My mountains

Annabel Croft, Libby Purves and David Gower share their favourite skiing experiences.
  
  

Skiing in Verbier
Verbier Photograph: Corbis

Annabel Croft

Our last trip stands out in my mind because it was a perfect short blast. Another couple whose parents have a chalet in the Swiss resort of Verbier invited us for a weekend. It was really easy to get to and we had all day Saturday and Sunday skiing before going home on Monday afternoon.

The chalet was wonderfully positioned right at the bottom of the slopes so you could just take your skis off and walk only a few metres to it.

Inside, it was lovely, with big log fires. Our hostess was Swedish so there were lots of candles, even at breakfast.

I love the après-ski and the whole atmosphere, but I made the mistake of skiing one morning with a hangover. It was ghastly, and the glare seemed to make it 10 times worse. Me and my husband, Mel, learnt to ski together, and then went skiing for three or four seasons before having children. We are equally bad, but he's more reckless than me and will go down black runs. I like a big, wide motorway of a slope and Verbier has some nice easy runs.

Going for a weekend was perfect for me because it got me back into skiing but it was short enough not to feel guilty about leaving the children. I saw lots of young ones on the nursery slopes and thought of our three. I'd like to take them in a couple of years when the youngest, Lily, is five. I wouldn't take the other two until she is old enough to ski.

Libby Purves

I've never had a nicer time than in Kandersteg, in the Bernese Oberland in Switzerland. It is a traditional village resort with pointy roofs. We like a bit of yodelling, and if anyone is prepared to blow an alpine horn we are pushovers for that. Give us glühwein, fondues and very old locals on wooden skis.

I first skied as a teenager when my father, a diplomat, was posted to Berne, the Swiss capital.

I especially love the independence of cross country skiing, being free of the queues for lifts and all those Day-Glo ski suits.

At Kandersteg in a good year for snow you can potter around the village on cross-country trails, but if there is less snow you have to go up to the glacier. You can go up on the lift to Oeschinen, the vast frozen lake which is great because it is absolutely flat, or on to the rolling high plain up the other side.

When the children were about 11 or 12 we had a marvellous holiday there. They had skiing lessons in the mornings, while I explored the cross-country tracks, and my husband, who is a non-skier, stayed in the little family-run hotel and did some writing.

We all met for lunch and afterwards he'd announce he'd get us hiking down the valley, where the snow was light and we could walk along the tracks.

I discovered snow shoes, which are wonderful for playing around on deep snow. For me snow is more about landscape than sport, though I am planning to take up downhill skiing. Then I'll become one of those sad people with a plastic ski pass round my neck in the queue for the lift.
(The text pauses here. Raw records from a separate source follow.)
(* For every $x\in\mathbb{R}$ there exists $k\in\{0,1,2,3\}$ such that $|\mathrm{Re}(H^{(k)}(x))|\ge 1/4$, where $H^{(k)}$ denotes the $k$-th derivative of $H$.
   Context: Rudin–Shapiro polynomials: $P_0(z)=Q_0(z)=1$ and for $s\ge0$, $P_{s+1}(z)=P_s(z)+z^{2^s}Q_s(z)$, $Q_{s+1}(z)=P_s(z)-z^{2^s}Q_s(z)$. Let $t$ be an odd positive integer and $T:=2^{t+10}$. For $x\in\mathbb{R}$ define $\alpha(x):=2^{-(t+1)/2}P_t(e^{ix/T})$, $\beta(x):=2^{-(t+1)/2}Q_t(e^{ix/T})$, and $H(x):=e^{ix}\alpha(x)+e^{2ix}\beta(x)$. *)

theory Defs
  imports "HOL-Analysis.Analysis"
begin

fun RS_P :: "nat \<Rightarrow> complex \<Rightarrow> complex"
and RS_Q :: "nat \<Rightarrow> complex \<Rightarrow> complex" where
  "RS_P 0 z = 1"
| "RS_Q 0 z = 1"
| "RS_P (Suc s) z = RS_P s z + z ^ (2 ^ s) * RS_Q s z"
| "RS_Q (Suc s) z = RS_P s z - z ^ (2 ^ s) * RS_Q s z"

definition RS_T :: "nat \<Rightarrow> real" where
  "RS_T t = 2 ^ (t + 10)"

definition RS_alpha :: "nat \<Rightarrow> real \<Rightarrow> complex" where
  "RS_alpha t x = complex_of_real (2 powr (- (real t + 1) / 2))
                   * RS_P t (exp (\<i> * complex_of_real (x / RS_T t)))"

definition RS_beta :: "nat \<Rightarrow> real \<Rightarrow> complex" where
  "RS_beta t x = complex_of_real (2 powr (- (real t + 1) / 2))
                   * RS_Q t (exp (\<i> * complex_of_real (x / RS_T t)))"

definition RS_H :: "nat \<Rightarrow> real \<Rightarrow> complex" where
  "RS_H t x = exp (\<i> * complex_of_real x) * RS_alpha t x
              + exp (2 * \<i> * complex_of_real x) * RS_beta t x"

definition higher_vderiv :: "nat \<Rightarrow> (real \<Rightarrow> 'a::real_normed_vector) \<Rightarrow> real \<Rightarrow> 'a" where
  "higher_vderiv k f = ((\<lambda>g x. vector_derivative g (at x)) ^^ k) f"

end

theory Submission
  imports Defs
begin

text \<open>
  With c = 2^(-(t+1)/2), z = e^(ix/T) and p_j, q_j the coefficients of P_t, Q_t, the function H is
  the exponential sum c * sum_(j < 2^t) (p_j e^(i(1 + j/T)x) + q_j e^(i(2 + j/T)x)), so its k-th
  derivative multiplies the terms by (i(1 + j/T))^k and (i(2 + j/T))^k.  As j/T <= 2^t/T = 2^(-10),
  a binomial expansion gives H^(k)(x) = i^k (A + 2^k B) + E_k with A = e^(ix) alpha(x) and
  B = e^(2ix) beta(x), where E_k is a combination of the weighted sums sum_j p_j j^m z^j and
  sum_j q_j j^m z^j (m >= 1).  On the unit circle the pair of these sums has norm at most
  2^((t+1)/2) 2^(tm), by induction along the Rudin-Shapiro recursion and the parallelogram law;
  this makes |E_k| < 1/8 for k <= 3.  The parallelogram law also gives |alpha|^2 + |beta|^2 = 1,
  and then the four numbers Re(i^k (A + 2^k B)), k = 0..3, cannot all lie in (-3/8, 3/8).
\<close>

lemma sum_lessThan_add: "(\<Sum>j<m + n. f j) = (\<Sum>j<m. f j) + (\<Sum>j<n. f (m + j))"
  for f :: "nat \<Rightarrow> 'a::comm_monoid_add"
  by (induction n) (simp_all add: add.assoc)

lemma sum_atMost_split_first: "(\<Sum>l\<le>k. f l) = f 0 + (\<Sum>l\<in>{1..k}. f l)"
  for f :: "nat \<Rightarrow> 'a::comm_monoid_add"
  by (simp add: atMost_atLeast0 sum.atLeast_Suc_atMost)

lemma parallelogram_cmod: "cmod (a + b) ^ 2 + cmod (a - b) ^ 2 = 2 * (cmod a ^ 2 + cmod b ^ 2)"
  by (simp only: cmod_power2) (simp add: power2_eq_square algebra_simps)

lemma norm_Pair_add_diff_unit:
  assumes "cmod w = 1"
  shows "norm (a + w * b, a - w * b) = sqrt 2 * norm (a, b)"
  using parallelogram_cmod[of a "w * b"] assms
  by (simp add: norm_Pair norm_mult real_sqrt_mult[symmetric])

lemma norm_binomial_tail_le:
  fixes a b :: complex and M :: "nat \<Rightarrow> complex"
  assumes "0 \<le> \<epsilon>" and "\<And>l. 1 \<le> l \<Longrightarrow> cmod b ^ l * cmod (M l) \<le> \<epsilon>"
  shows "cmod (\<Sum>l\<in>{1..k}. of_nat (k choose l) * b ^ l * a ^ (k - l) * M l) \<le> \<epsilon> * (1 + cmod a) ^ k"
proof -
  have "cmod (\<Sum>l\<in>{1..k}. of_nat (k choose l) * b ^ l * a ^ (k - l) * M l)
          \<le> (\<Sum>l\<in>{1..k}. real (k choose l) * cmod a ^ (k - l) * (cmod b ^ l * cmod (M l)))"
    by (rule order_trans[OF norm_sum]) (simp add: norm_mult norm_power ac_simps)
  also have "\<dots> \<le> (\<Sum>l\<in>{1..k}. real (k choose l) * cmod a ^ (k - l) * \<epsilon>)"
    by (intro sum_mono mult_left_mono assms(2)) auto
  also have "\<dots> \<le> (\<Sum>l\<le>k. real (k choose l) * cmod a ^ (k - l) * \<epsilon>)"
    by (rule sum_mono2) (use assms(1) in auto)
  also have "\<dots> = \<epsilon> * (1 + cmod a) ^ k"
    by (simp add: binomial_ring sum_distrib_left ac_simps)
  finally show ?thesis .
qed

lemma exists_Re_i_power_ge:
  fixes A B :: complex
  assumes "cmod A ^ 2 + cmod B ^ 2 = 1"
  shows "\<exists>k\<le>3. 3 / 8 \<le> \<bar>Re (\<i> ^ k * (A + 2 ^ k * B))\<bar>"
proof (rule ccontr)
  assume "\<not> ?thesis"
  then have small: "\<bar>Re (\<i> ^ k * (A + 2 ^ k * B))\<bar> < 3 / 8" if "k \<le> 3" for k
    using that by (meson not_le)
  have "\<bar>Re A + Re B\<bar> < 3 / 8" "\<bar>- Im A - 2 * Im B\<bar> < 3 / 8" "\<bar>- Re A - 4 * Re B\<bar> < 3 / 8"
    using small[of 0] small[of 1] small[of 2] by (simp_all add: power2_eq_square)
  moreover have "\<bar>Im A + 8 * Im B\<bar> < 3 / 8"
    using small[of 3] by (simp add: power3_eq_cube add.commute)
  ultimately have "\<bar>Re B\<bar> \<le> 1 / 4" "\<bar>Re A\<bar> \<le> 5 / 8" "\<bar>Im B\<bar> \<le> 1 / 8" "\<bar>Im A\<bar> \<le> 5 / 8"
    by (auto simp: abs_if split: if_splits)
  then have "Re B ^ 2 \<le> (1 / 4) ^ 2" "Re A ^ 2 \<le> (5 / 8) ^ 2" "Im B ^ 2 \<le> (1 / 8) ^ 2" "Im A ^ 2 \<le> (5 / 8) ^ 2"
    by (simp_all only: abs_le_square_iff[symmetric])
  moreover have "Re A ^ 2 + Im A ^ 2 + Re B ^ 2 + Im B ^ 2 = 1"
    using assms by (simp add: cmod_power2)
  ultimately show False
    by (simp add: power2_eq_square)
qed

definition exp_sum :: "'a set \<Rightarrow> ('a \<Rightarrow> complex) \<Rightarrow> ('a \<Rightarrow> real) \<Rightarrow> real \<Rightarrow> complex" where
  "exp_sum A a \<omega> x = (\<Sum>j\<in>A. a j * exp (\<i> * complex_of_real (\<omega> j * x)))"

lemma has_vector_derivative_exp_i_mult:
  "((\<lambda>x. exp (\<i> * complex_of_real (\<omega> * x))) has_vector_derivative
     \<i> * complex_of_real \<omega> * exp (\<i> * complex_of_real (\<omega> * x))) (at x)"
proof -
  have "((\<lambda>w. exp (\<i> * complex_of_real \<omega> * w)) has_field_derivative
          exp (\<i> * complex_of_real \<omega> * of_real x) * (\<i> * complex_of_real \<omega>)) (at (of_real x))"
    by (auto intro!: derivative_eq_intros)
  from has_vector_derivative_real_field[OF this] show ?thesis
    by (simp add: ac_simps)
qed

lemma vector_derivative_exp_sum:
  "vector_derivative (exp_sum A a \<omega>) (at x) = exp_sum A (\<lambda>j. a j * (\<i> * complex_of_real (\<omega> j))) \<omega> x"
proof (rule vector_derivative_at)
  have "(exp_sum A a \<omega> has_vector_derivative
          (\<Sum>j\<in>A. a j * (\<i> * complex_of_real (\<omega> j) * exp (\<i> * complex_of_real (\<omega> j * x))))) (at x)"
    unfolding exp_sum_def
    by (intro has_vector_derivative_sum has_vector_derivative_mult_right has_vector_derivative_exp_i_mult)
  then show "(exp_sum A a \<omega> has_vector_derivative exp_sum A (\<lambda>j. a j * (\<i> * complex_of_real (\<omega> j))) \<omega> x) (at x)"
    by (simp add: exp_sum_def mult.assoc)
qed

lemma higher_vderiv_exp_sum:
  "higher_vderiv k (exp_sum A a \<omega>) = exp_sum A (\<lambda>j. a j * (\<i> * complex_of_real (\<omega> j)) ^ k) \<omega>"
proof (induction k)
  case 0
  show ?case by (simp add: higher_vderiv_def)
next
  case (Suc k)
  have "higher_vderiv (Suc k) (exp_sum A a \<omega>) = (\<lambda>x. vector_derivative (higher_vderiv k (exp_sum A a \<omega>)) (at x))"
    by (simp add: higher_vderiv_def)
  then show ?case
    by (simp add: Suc vector_derivative_exp_sum ac_simps)
qed
(* For all $1\le k,\alpha,i\le m$, the element $T_{k\alpha i}$ lies in $H^{n-2,2}\oplus H^{n-3,3}$; that is, $T_{k\alpha i}=E_{k\alpha i}+D_kD_\alpha D_i\Omega$ with $E_{k\alpha i}\in H^{n-2,2}$ and $D_kD_\alpha D_i\Omega\in H^{n-3,3}$.
   Context: $\mathcal M$ is the moduli space of polarized Calabi–Yau $n$-folds ($n\ge3$), of complex dimension $m$, with local holomorphic coordinates $z_1,\dots,z_m$, $\partial_i=\partial/\partial z_i$. Locally the primitive middle cohomology of the fibres is identified with one fixed space $H$, carrying the varying Hodge decomposition $H=\bigoplus_{p+q=n}H^{p,q}$. $Q(\phi,\psi)=(-1)^{n(n-1)/2}\int\phi\wedge\psi$, $(\xi,\eta)=(\sqrt{-1})^nQ(\xi,\eta)$. $\Omega$ is a nonzero local holomorphic section of $F^n$. Weil–Petersson metric $g_{i\bar j}=-\partial_i\bar\partial_j\log(\Omega,\bar\Omega)$, Christoffel symbols $\Gamma^k_{ij}=g^{k\bar q}\partial_jg_{i\bar q}$, $K_i=-\partial_i\log(\Omega,\bar\Omega)$, $D_i\Omega=\partial_i\Omega+K_i\Omega$, $D_jD_i\Omega=\partial_jD_i\Omega-\sum_k\Gamma^k_{ij}D_k\Omega+K_jD_i\Omega$, and $T_{k\alpha i}=\partial_kD_\alpha D_i\Omega+K_kD_\alpha D_i\Omega-\sum_p\Gamma^p_{\alpha k}D_pD_i\Omega-\sum_p\Gamma^p_{ik}D_\alpha D_p\Omega$. $D_kD_\alpha D_i\Omega$ denotes the $H^{n-3,3}$-component of $T_{k\alpha i}$ and $E_{k\alpha i}=T_{k\alpha i}-D_kD_\alpha D_i\Omega$. *)

theory Defs
  imports "HOL-Analysis.Analysis"
begin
• Libby Purves's new novel A Free Woman is published by Hodder at £16.99

David Gower

We went skiing again this year for the first time since having children. My cousin Richard, who is a very good skier, invited us to join a group of friends in St Anton in Austria for a week. Our two daughters, Alex, seven, and Sammi, who is five, had never been before, but his two children who are younger had already been skiing for a couple of years.

The girls went to ski school in the mornings and really enjoyed it. Alex was slower to get going but was doing well by the end and, after her first 50mph crash, Sammi understood that turning was allowed.

St Anton suited our party because its ski school is very good. Richard and his wife could do their powder skiing and there were easier runs for the rest of us, while my wife and I fall into the broad band of intermediates. It was an excellent mix.

It was the week before Easter and we found the snow pretty good high up but slushy down below, which made it a bit difficult.

Some afternoons we took the children skiing with us, using a harness and Richard's expertise to get them through tricky bits. If they didn't feel like going on they'd go down in the lifts and spend the afternoon at the hotel pool.

We stayed at the Schwarzer Adler hotel,which has a fabulous new wing with a swimming pool, a spa and good-size family rooms.

The only trouble was that it was above one of St Anton's most popular night clubs. So we ended up shifting to the back of the hotel which was less noisy.

Our first family ski trip was a great success and we are keen to go again.